[Work item]
From the entries provided below, copy each line that contains the word "also".

[Exercise material]
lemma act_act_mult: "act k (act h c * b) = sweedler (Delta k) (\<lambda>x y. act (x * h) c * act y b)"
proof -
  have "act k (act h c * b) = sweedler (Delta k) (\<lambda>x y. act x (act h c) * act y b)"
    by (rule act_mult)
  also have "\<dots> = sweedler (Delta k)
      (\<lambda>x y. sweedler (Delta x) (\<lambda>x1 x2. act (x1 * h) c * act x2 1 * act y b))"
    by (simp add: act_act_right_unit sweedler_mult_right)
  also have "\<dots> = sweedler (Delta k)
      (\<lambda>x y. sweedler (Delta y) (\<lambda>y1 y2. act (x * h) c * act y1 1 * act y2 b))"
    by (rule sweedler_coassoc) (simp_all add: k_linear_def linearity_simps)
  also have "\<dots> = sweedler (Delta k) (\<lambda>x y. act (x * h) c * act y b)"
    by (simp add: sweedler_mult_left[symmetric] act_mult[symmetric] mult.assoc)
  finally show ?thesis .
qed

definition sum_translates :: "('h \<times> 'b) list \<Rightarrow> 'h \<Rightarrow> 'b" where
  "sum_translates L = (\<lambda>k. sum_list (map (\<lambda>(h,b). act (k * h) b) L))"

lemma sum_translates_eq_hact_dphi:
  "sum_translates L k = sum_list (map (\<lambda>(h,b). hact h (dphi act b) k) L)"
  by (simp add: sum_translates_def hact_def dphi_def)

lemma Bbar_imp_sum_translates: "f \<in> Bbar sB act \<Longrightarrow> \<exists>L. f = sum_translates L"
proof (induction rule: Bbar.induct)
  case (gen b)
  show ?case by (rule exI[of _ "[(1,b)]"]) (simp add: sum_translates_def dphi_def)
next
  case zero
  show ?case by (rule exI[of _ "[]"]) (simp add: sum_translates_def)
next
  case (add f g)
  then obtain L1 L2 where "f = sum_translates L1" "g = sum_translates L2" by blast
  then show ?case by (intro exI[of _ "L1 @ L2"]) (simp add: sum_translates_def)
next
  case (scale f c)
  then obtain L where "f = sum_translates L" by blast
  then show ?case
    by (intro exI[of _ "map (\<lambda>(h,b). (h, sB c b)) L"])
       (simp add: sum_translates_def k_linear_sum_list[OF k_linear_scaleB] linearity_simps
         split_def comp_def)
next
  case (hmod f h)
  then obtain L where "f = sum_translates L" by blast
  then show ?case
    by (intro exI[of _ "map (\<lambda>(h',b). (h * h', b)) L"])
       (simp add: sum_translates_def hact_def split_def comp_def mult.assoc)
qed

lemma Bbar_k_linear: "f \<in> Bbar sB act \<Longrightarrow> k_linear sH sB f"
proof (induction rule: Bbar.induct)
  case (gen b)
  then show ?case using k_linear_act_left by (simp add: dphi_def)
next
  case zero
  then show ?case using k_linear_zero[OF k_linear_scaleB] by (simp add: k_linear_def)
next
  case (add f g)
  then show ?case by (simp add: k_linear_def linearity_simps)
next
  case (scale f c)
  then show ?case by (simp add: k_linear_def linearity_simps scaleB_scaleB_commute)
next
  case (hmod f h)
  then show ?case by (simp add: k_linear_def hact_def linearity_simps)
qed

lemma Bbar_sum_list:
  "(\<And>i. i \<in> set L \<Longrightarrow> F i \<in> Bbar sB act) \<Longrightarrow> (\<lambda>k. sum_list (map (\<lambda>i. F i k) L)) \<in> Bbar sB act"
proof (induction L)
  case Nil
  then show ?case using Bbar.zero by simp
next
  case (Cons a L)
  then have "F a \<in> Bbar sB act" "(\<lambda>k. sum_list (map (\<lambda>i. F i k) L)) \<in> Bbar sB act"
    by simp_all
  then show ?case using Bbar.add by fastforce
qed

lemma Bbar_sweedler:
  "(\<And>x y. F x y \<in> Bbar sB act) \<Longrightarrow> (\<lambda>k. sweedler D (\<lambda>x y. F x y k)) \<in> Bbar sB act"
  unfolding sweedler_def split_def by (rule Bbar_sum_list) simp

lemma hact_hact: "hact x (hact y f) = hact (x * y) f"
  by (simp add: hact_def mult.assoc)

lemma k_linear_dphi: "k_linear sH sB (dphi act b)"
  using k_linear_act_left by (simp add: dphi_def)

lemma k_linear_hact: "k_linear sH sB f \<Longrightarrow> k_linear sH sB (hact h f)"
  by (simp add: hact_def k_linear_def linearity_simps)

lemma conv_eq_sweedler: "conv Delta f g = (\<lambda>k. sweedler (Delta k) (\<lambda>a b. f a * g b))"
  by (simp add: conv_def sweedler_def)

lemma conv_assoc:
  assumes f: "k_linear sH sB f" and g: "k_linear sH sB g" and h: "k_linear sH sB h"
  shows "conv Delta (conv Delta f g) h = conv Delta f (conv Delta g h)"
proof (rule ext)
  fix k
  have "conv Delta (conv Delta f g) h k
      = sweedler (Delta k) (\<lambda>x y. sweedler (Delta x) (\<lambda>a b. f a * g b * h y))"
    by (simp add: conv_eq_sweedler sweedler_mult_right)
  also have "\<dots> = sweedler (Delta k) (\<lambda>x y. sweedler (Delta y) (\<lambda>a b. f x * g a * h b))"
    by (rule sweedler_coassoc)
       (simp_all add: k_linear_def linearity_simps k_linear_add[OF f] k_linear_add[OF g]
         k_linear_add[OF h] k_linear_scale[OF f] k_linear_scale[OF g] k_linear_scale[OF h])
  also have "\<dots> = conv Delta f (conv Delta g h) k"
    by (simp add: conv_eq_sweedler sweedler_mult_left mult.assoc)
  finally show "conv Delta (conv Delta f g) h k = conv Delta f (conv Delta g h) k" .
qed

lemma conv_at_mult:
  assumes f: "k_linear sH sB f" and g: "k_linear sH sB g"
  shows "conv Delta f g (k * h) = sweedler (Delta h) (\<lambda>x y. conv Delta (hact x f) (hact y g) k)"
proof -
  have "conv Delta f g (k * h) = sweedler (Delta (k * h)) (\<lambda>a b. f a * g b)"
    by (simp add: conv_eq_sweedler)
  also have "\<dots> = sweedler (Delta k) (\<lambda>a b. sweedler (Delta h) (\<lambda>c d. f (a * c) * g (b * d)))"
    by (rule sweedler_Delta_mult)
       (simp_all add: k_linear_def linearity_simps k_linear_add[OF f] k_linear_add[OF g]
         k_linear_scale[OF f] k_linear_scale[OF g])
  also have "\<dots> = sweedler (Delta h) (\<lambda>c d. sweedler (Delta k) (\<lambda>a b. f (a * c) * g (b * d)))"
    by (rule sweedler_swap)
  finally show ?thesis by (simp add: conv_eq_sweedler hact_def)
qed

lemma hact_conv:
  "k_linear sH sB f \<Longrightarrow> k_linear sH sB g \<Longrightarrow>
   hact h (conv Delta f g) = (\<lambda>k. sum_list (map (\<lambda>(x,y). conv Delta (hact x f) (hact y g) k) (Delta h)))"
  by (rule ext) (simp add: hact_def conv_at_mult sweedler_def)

[Response to this exercise]
  also have "\<dots> = sweedler (Delta k)
  also have "\<dots> = sweedler (Delta k)
  also have "\<dots> = sweedler (Delta k) (\<lambda>x y. act (x * h) c * act y b)"
  also have "\<dots> = sweedler (Delta k) (\<lambda>x y. sweedler (Delta y) (\<lambda>a b. f x * g a * h b))"
  also have "\<dots> = conv Delta f (conv Delta g h) k"
  also have "\<dots> = sweedler (Delta k) (\<lambda>a b. sweedler (Delta h) (\<lambda>c d. f (a * c) * g (b * d)))"
  also have "\<dots> = sweedler (Delta h) (\<lambda>c d. sweedler (Delta k) (\<lambda>a b. f (a * c) * g (b * d)))"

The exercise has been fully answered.